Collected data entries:
---+---

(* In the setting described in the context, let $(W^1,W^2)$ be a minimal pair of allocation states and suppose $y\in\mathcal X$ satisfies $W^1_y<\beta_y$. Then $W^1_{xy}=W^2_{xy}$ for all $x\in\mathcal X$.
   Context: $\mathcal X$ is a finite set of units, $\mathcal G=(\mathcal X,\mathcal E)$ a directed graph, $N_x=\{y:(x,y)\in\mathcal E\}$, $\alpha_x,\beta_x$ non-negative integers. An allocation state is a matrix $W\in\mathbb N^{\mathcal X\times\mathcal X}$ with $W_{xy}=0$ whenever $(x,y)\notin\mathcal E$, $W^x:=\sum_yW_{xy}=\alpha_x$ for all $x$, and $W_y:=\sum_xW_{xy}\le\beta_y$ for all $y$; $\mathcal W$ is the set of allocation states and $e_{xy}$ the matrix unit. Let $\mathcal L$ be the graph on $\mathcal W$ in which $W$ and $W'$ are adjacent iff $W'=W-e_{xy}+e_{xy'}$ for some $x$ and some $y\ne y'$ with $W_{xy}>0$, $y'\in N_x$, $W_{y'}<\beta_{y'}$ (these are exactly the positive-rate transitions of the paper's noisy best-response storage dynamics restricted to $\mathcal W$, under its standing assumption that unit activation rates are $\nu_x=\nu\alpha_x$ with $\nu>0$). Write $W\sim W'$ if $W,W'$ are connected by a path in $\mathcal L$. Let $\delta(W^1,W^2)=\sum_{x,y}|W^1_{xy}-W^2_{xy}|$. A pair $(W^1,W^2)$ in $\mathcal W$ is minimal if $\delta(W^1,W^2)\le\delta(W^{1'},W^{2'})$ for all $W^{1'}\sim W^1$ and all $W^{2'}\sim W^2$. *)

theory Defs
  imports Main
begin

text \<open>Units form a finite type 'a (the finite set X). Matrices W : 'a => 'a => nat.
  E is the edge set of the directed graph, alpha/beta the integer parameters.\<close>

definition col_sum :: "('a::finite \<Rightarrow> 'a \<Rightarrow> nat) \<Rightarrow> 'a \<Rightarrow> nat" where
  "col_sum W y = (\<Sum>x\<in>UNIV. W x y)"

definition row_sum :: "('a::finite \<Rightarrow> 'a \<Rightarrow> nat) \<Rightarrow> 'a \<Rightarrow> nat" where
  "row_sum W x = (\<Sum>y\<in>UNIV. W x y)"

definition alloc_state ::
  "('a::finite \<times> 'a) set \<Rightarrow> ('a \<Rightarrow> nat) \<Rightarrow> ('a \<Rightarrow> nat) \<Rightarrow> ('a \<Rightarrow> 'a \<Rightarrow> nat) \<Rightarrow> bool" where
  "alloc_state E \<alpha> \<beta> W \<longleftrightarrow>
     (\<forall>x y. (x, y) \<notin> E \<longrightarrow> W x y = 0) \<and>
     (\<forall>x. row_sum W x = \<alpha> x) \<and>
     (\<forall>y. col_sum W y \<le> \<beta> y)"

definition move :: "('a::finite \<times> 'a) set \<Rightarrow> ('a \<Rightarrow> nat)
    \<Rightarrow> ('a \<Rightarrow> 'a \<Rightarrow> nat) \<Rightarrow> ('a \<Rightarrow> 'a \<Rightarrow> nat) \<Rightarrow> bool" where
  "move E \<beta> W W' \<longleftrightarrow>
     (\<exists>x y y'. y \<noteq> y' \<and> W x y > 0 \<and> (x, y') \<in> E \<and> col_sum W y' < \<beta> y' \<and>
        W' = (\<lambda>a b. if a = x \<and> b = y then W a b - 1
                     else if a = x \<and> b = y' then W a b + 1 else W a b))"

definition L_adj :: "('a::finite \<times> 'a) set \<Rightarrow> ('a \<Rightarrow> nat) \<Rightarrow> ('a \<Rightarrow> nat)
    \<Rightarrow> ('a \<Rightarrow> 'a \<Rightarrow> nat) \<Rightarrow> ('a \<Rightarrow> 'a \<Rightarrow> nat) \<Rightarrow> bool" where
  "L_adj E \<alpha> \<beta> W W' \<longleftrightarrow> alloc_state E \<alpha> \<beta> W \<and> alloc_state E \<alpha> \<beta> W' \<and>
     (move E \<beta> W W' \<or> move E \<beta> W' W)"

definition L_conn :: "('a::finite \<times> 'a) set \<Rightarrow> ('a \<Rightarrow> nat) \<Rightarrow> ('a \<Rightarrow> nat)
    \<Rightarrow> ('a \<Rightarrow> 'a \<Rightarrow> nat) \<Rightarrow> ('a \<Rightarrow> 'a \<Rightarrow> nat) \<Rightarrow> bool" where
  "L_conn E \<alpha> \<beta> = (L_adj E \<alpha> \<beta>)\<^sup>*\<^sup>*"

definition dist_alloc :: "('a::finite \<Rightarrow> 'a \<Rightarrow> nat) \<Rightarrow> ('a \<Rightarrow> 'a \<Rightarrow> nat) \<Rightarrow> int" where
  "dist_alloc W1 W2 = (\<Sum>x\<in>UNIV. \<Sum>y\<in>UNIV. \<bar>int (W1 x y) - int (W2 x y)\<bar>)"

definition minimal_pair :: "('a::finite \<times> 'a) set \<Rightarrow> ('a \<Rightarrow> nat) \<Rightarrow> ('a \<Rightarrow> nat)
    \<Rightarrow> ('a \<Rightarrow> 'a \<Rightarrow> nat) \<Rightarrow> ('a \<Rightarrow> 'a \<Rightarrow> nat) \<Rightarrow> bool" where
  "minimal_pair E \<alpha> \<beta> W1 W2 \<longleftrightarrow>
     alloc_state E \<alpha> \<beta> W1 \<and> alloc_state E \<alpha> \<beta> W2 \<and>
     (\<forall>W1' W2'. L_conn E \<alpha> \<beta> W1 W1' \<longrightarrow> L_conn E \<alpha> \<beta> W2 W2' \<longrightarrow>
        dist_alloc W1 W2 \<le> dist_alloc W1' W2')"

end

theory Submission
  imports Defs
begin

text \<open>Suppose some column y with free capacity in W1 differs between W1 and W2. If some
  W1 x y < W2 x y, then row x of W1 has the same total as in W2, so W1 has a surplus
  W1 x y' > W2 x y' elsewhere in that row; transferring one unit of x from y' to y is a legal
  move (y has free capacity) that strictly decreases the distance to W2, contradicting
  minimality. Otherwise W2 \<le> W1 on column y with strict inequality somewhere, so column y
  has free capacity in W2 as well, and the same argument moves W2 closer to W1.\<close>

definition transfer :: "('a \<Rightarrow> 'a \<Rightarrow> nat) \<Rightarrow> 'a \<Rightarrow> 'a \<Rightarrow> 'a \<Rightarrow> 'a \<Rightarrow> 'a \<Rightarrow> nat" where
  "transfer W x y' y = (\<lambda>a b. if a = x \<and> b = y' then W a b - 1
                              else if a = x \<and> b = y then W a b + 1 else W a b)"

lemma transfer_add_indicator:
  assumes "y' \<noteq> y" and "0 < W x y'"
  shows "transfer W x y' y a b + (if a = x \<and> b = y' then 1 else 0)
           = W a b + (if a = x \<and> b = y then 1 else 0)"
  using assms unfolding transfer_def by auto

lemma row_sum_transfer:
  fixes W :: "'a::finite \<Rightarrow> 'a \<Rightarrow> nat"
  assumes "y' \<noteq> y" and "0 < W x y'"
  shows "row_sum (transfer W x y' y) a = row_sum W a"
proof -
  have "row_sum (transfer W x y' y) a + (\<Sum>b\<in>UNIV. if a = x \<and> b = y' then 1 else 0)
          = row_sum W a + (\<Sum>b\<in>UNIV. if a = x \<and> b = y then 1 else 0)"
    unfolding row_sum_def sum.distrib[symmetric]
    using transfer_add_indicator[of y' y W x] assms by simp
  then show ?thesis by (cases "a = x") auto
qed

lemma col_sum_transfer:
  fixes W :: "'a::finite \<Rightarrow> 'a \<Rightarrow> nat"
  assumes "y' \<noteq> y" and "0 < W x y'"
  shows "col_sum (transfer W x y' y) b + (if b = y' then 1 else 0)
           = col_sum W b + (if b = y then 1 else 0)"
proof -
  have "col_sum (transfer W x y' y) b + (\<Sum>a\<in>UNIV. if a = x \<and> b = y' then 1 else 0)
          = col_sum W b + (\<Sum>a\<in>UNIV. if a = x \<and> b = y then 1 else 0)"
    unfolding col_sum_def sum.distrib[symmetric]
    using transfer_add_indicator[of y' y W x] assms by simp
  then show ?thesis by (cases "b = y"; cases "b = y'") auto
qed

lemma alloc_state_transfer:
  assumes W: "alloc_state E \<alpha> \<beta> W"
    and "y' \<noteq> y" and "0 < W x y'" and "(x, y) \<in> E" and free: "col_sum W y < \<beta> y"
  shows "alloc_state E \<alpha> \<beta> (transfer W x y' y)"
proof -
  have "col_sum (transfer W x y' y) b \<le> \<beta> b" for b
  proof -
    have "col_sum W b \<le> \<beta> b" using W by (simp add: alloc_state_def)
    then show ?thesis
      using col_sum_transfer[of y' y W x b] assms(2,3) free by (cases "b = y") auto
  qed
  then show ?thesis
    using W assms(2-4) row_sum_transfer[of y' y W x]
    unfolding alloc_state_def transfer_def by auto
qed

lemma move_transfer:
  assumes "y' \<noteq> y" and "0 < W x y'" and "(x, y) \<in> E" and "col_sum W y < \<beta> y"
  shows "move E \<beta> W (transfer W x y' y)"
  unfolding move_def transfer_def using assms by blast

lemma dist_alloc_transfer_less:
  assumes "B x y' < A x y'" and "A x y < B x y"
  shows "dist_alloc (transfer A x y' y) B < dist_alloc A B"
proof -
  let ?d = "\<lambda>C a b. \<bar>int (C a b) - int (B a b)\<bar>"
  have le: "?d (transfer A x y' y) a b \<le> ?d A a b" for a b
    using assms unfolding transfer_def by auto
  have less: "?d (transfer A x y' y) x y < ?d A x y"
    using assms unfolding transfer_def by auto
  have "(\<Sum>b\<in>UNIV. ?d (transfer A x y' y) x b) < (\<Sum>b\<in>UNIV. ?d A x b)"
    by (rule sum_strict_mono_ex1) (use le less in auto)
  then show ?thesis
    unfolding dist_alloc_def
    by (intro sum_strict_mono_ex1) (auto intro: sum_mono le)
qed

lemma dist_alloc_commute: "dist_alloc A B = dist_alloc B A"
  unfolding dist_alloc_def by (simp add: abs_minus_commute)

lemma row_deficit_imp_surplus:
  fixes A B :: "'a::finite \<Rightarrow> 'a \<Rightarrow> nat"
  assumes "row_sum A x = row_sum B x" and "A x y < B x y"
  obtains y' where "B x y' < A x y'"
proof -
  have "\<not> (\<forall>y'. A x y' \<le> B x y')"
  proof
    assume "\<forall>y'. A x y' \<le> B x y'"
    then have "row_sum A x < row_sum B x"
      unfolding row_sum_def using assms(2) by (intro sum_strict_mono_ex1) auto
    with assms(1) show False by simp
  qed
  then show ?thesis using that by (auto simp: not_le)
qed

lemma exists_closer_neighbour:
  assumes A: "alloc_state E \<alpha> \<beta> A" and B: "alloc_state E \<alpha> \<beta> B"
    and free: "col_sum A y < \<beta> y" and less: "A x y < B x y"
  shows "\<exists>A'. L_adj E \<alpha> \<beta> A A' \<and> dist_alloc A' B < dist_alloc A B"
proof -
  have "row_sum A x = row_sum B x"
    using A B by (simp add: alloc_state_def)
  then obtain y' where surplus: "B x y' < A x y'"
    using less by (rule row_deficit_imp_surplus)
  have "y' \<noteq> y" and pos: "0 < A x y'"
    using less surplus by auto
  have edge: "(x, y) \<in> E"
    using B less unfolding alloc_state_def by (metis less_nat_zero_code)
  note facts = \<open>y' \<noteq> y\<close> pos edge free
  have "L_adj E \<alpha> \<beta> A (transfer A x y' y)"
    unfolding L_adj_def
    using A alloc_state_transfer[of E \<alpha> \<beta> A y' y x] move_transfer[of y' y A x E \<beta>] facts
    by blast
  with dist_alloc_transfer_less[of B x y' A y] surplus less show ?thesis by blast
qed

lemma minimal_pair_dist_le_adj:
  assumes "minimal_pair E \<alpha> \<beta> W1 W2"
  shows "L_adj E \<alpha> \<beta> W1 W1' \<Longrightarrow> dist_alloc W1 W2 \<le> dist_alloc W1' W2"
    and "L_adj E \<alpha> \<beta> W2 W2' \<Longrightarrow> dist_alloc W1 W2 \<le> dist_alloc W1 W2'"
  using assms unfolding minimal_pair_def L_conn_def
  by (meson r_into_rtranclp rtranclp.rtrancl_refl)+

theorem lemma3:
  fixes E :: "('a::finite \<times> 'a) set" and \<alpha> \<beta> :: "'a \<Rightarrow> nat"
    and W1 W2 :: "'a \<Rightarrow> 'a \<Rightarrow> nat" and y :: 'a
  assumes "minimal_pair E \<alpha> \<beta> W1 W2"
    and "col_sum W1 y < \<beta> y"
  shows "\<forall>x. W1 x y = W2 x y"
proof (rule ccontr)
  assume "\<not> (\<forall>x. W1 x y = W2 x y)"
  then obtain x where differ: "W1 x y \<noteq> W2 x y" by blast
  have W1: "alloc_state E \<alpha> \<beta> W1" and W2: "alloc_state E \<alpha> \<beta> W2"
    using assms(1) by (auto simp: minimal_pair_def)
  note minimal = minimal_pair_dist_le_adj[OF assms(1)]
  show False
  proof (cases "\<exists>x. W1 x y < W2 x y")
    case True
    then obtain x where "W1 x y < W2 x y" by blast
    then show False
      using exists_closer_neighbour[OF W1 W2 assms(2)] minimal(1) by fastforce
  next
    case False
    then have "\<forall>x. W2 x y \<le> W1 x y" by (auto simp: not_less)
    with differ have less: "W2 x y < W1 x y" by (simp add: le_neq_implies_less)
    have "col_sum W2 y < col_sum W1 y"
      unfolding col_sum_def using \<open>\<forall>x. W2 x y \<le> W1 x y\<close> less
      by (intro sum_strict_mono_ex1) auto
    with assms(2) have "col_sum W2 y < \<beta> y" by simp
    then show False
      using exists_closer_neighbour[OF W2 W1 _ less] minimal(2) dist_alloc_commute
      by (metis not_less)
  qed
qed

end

---+---

*PROBLEM DETAILS:* Only the lines of the data holding the string "capacity" are wanted; copy each of them.

*RESPONSE BELOW:*
text \<open>Suppose some column y with free capacity in W1 differs between W1 and W2. If some
  move (y has free capacity) that strictly decreases the distance to W2, contradicting
  has free capacity in W2 as well, and the same argument moves W2 closer to W1.\<close>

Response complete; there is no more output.